It seems disingenuous to say that I'm "playing" Charity Miles because even though it's an app, it's not really a game. But I like to keep my themes consistent so "playing" it is!
Charity Miles is an app that tracks your walking, running, or biking workout via GPS and uses your mileage to donate to charity. In the abstract. In practice, the donations are physically given out once a year, based on everyone's total mileage. So if you walk, run, or bike X miles in a term, an amount based on X will be given to a charity at the end of the term. You earn up to $0.25 US / mile by walking or running, and up to $0.10 US / mile by biking. "Up to" because some kind of bookkeeping voodoo means that if CharityMiles' userbase outperforms a set limit, they might have to tweak their donations. You choose the charity you want to raise money for before each work out. There are a lot to choose from; right now I'm focusing on a water charity.
(Unfortunately, one of the charities supported is Autism Speaks. Another cool thing you can do this April is to comment on Charity Miles' Facebook wall and ask them to reconsider their partnership with that particular charity.)
Now that it's warming up and (more importantly) getting light here again, JV and I are much more amenable to going out and walking.

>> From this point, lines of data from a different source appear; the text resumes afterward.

(* Let $1\le k\le s-1$, let $t=\binom{a_1}{b_1}\cdots\binom{a_k}{b_k}\in B(k\varpi_2)$, and let $1\le i\le k-1$ be such that both $b_i\le\bar a_i\le b_{i+1}$ and $a_i\le\bar b_{i+1}\le a_{i+1}$ hold. Then inserting $s-k$ columns $\binom{a_i}{\bar a_i}$ between columns $i$ and $i+1$ of $t$ gives the same tableau as inserting $s-k$ columns $\binom{\bar b_{i+1}}{b_{i+1}}$ between columns $i$ and $i+1$ of $t$.
   Context: Let $n\ge4$. Alphabet: $1<2<\dots<n-1<\{n,\bar n\}<\overline{n-1}<\dots<\bar2<\bar1$, a partial order in which $n$ and $\bar n$ are incomparable; set $\bar{\bar i}=i$ for unbarred $i$. A tableau of shape $(k,k)$ is a sequence of $k$ columns, column $j$ with top entry $a_j$ and bottom entry $b_j$, written $\binom{a_1}{b_1}\cdots\binom{a_k}{b_k}$ ($\binom{x}{y}$ denotes a column, not a binomial coefficient). $B(k\varpi_2)$ is the set of tableaux of shape $(k,k)$ such that: (C1) $a_j\le a_{j+1}$ and $b_j\le b_{j+1}$ for all $j$; (C2) $b_j\not\le a_j$; (C3) no $j$ and letter $x$ with $a_j=a_{j+1}=x$, $b_{j+1}=\bar x$, and no $j,x$ with $a_j=x$, $b_j=b_{j+1}=\bar x$; (C4) no $j<j'$ with columns $j,j'$ equal to $\binom{n-1}{n},\binom{n}{\overline{n-1}}$ respectively, nor to $\binom{n-1}{\bar n},\binom{\bar n}{\overline{n-1}}$; (C5) no column $\binom{1}{\bar1}$. *)

theory Defs
  imports Main
begin

(* Letters of the type-D_n crystal alphabet: Ub i = i (unbarred), Br i = \bar i. *)
datatype letter = Ub nat | Br nat

definition valid_letter :: "nat \<Rightarrow> letter \<Rightarrow> bool" where
  "valid_letter n x = (case x of Ub i \<Rightarrow> 1 \<le> i \<and> i \<le> n | Br i \<Rightarrow> 1 \<le> i \<and> i \<le> n)"

fun bar :: "letter \<Rightarrow> letter" where
  "bar (Ub i) = Br i"
| "bar (Br i) = Ub i"

(* level in the chain 1<...<n-1<{n,\bar n}<\bar{n-1}<...<\bar 1; n and \bar n share level n *)
fun rank :: "nat \<Rightarrow> letter \<Rightarrow> nat" where
  "rank n (Ub i) = i"
| "rank n (Br i) = 2 * n - i"

(* the partial order: n and \bar n are incomparable *)
definition lleq :: "nat \<Rightarrow> letter \<Rightarrow> letter \<Rightarrow> bool" where
  "lleq n x y = (x = y \<or> rank n x < rank n y)"

(* a column (a,b): top entry a, bottom entry b; a tableau of shape (k,k) is a list of k columns *)
type_synonym column = "letter \<times> letter"

definition Btab :: "nat \<Rightarrow> nat \<Rightarrow> column list set" where
  "Btab n k = {t. length t = k
     \<and> (\<forall>j<k. valid_letter n (fst (t!j)) \<and> valid_letter n (snd (t!j)))
     \<and> (\<forall>j. j + 1 < k \<longrightarrow> lleq n (fst (t!j)) (fst (t!(j+1))) \<and> lleq n (snd (t!j)) (snd (t!(j+1))))
     \<and> (\<forall>j<k. \<not> lleq n (snd (t!j)) (fst (t!j)))
     \<and> (\<forall>j x. j + 1 < k \<longrightarrow>
            \<not> (fst (t!j) = x \<and> fst (t!(j+1)) = x \<and> snd (t!(j+1)) = bar x)
          \<and> \<not> (fst (t!j) = x \<and> snd (t!j) = bar x \<and> snd (t!(j+1)) = bar x))
     \<and> (\<forall>j j'. j < j' \<and> j' < k \<longrightarrow>
            \<not> (t!j = (Ub (n-1), Ub n) \<and> t!j' = (Ub n, Br (n-1)))
          \<and> \<not> (t!j = (Ub (n-1), Br n) \<and> t!j' = (Br n, Br (n-1))))
     \<and> (\<forall>j<k. t!j \<noteq> (Ub 1, Br 1))}"

(* insert m copies of column c between columns i and i+1 (1-based) *)
definition insert_cols :: "column list \<Rightarrow> nat \<Rightarrow> nat \<Rightarrow> column \<Rightarrow> column list" where
  "insert_cols t i m c = take i t @ replicate m c @ drop i t"

end

theory Submission
  imports Defs
begin

lemma bar_bar [simp]: "bar (bar x) = x"
  by (cases x) simp_all

(* bar reflects ranks about n, so if neither hypothesis held with equality,
   rank a + rank b would lie both above and below 2n. *)
lemma lleq_bar_antisym:
  assumes "lleq n (bar a) b" and "lleq n a (bar b)"
  shows "a = bar b"
  using assms by (cases a; cases b) (auto simp: lleq_def)

theorem lemma4p9:
  fixes n k s i :: nat and t :: "column list"
  assumes "n \<ge> 4" and "1 \<le> k" and "k \<le> s - 1" and "t \<in> Btab n k"
    and "1 \<le> i" and "i \<le> k - 1"
    and "lleq n (snd (t!(i-1))) (bar (fst (t!(i-1))))"
    and "lleq n (bar (fst (t!(i-1)))) (snd (t!i))"
    and "lleq n (fst (t!(i-1))) (bar (snd (t!i)))"
    and "lleq n (bar (snd (t!i))) (fst (t!i))"
  shows "insert_cols t i (s - k) (fst (t!(i-1)), bar (fst (t!(i-1))))
       = insert_cols t i (s - k) (bar (snd (t!i)), snd (t!i))"
proof -
  \<comment> \<open>Only the two inequalities relating a_i and b_(i+1) are needed: they force the inserted columns to coincide.\<close>
  have "fst (t!(i-1)) = bar (snd (t!i))"
    using lleq_bar_antisym assms(8,9) .
  then show ?thesis by simp
qed

end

Right around fall I discovered that I'd rather walk than do anything else, in terms of physical activity—right in time for it to get dark and cold. But hopefully my love of walking and my desire to help others (coupled with my inability to help as much as I'd like) will result in me getting out of the apartment and on my feet a little more often.
It definitely seems to good to be true, but so far I have yet to come across any concerns about things like data mining or privacy invasions. That's always my secret fear with apps like these: that the company is benefiting from me in ways that I'm not aware of or that I'd never agree to if they told me up front. But while you can find no end of articles decrying Facebook's privacy issues and data mining practices, Charity Miles seems in the clear.

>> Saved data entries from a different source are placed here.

lemma no_incomparable_substitute:
  assumes "a \<in> P" "substitute_for P le b a" "\<not> le a b" "\<not> le b a"
  shows False
proof -
  obtain k i where k: "k \<le> h" "i < 3" and a: "a = c k i"
    using carrier_cases[OF assms(1)] by blast
  from assms(2) have "b \<in> P" and "b \<noteq> a"
    and le_above: "\<forall>z\<in>P. lt le a z \<longrightarrow> le b z" and le_below: "\<forall>z\<in>P. lt le z a \<longrightarrow> le z b"
    unfolding substitute_for_def by blast+
  obtain l j where l: "l \<le> h" "j < 3" and b: "b = c l j"
    using carrier_cases[OF \<open>b \<in> P\<close>] by blast
  have above: "lt le (c l j) z" if "z \<in> P" "lt le (c k i) z" for z
    using le_above that assms(3) a b unfolding lt_def by blast
  have below: "lt le z (c l j)" if "z \<in> P" "lt le z (c k i)" for z
    using le_below that assms(4) a b unfolding lt_def by blast
  show False
  proof (cases "k < h")
    case True
    show False
      by (rule no_strict_substitute_below_top[OF True k(2) l]) (use \<open>b \<noteq> a\<close> a b above below in auto)
  next
    case False
    with k height_pos obtain k0 where "h = Suc k0" "k = h" by (cases h) auto
    then show False
      using no_strict_substitute_in_top_row[of k0 i l j] k l below \<open>b \<noteq> a\<close> a b by blast
  qed
qed

lemma no_retractable_if_nice:
  assumes "nice P le" "a \<in> P"
  shows "\<not> retractable P le a"
  using no_incomparable_substitute substitute_incomparable_if_nice assms
    retractable_iff_substitute by blast

end

theorem proposition3p3:
  fixes P :: "'a set" and le :: "'a \<Rightarrow> 'a \<Rightarrow> bool" and h :: nat and c :: "nat \<Rightarrow> nat \<Rightarrow> 'a"
  assumes "section3 P le h c"
  shows "(nice P le \<longleftrightarrow> (\<forall>a\<in>P. \<not> retractable P le a)) \<and>
         ((\<forall>a\<in>P. \<not> retractable P le a) \<longleftrightarrow> (\<forall>a\<in>P. \<not> irreducible_pt P le a))"
proof -
  interpret width_three_section P le h c
    using assms by unfold_locales
  show ?thesis
    using no_retractable_if_nice retractable_if_irreducible irreducible_if_not_nice by blast
qed

end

I've been enjoying walking and biking to Mordor, but the reality check of: "It is so easy for you to just go outside and move, that's all it takes to be able to help someone, you might as well just do it" has been the kick in the pants I need. I mean, if I never make it to Mordor, so what? The only person who misses out is me. But to help build a well to increase clean water access? Sure, I can walk around the block to help make that happen.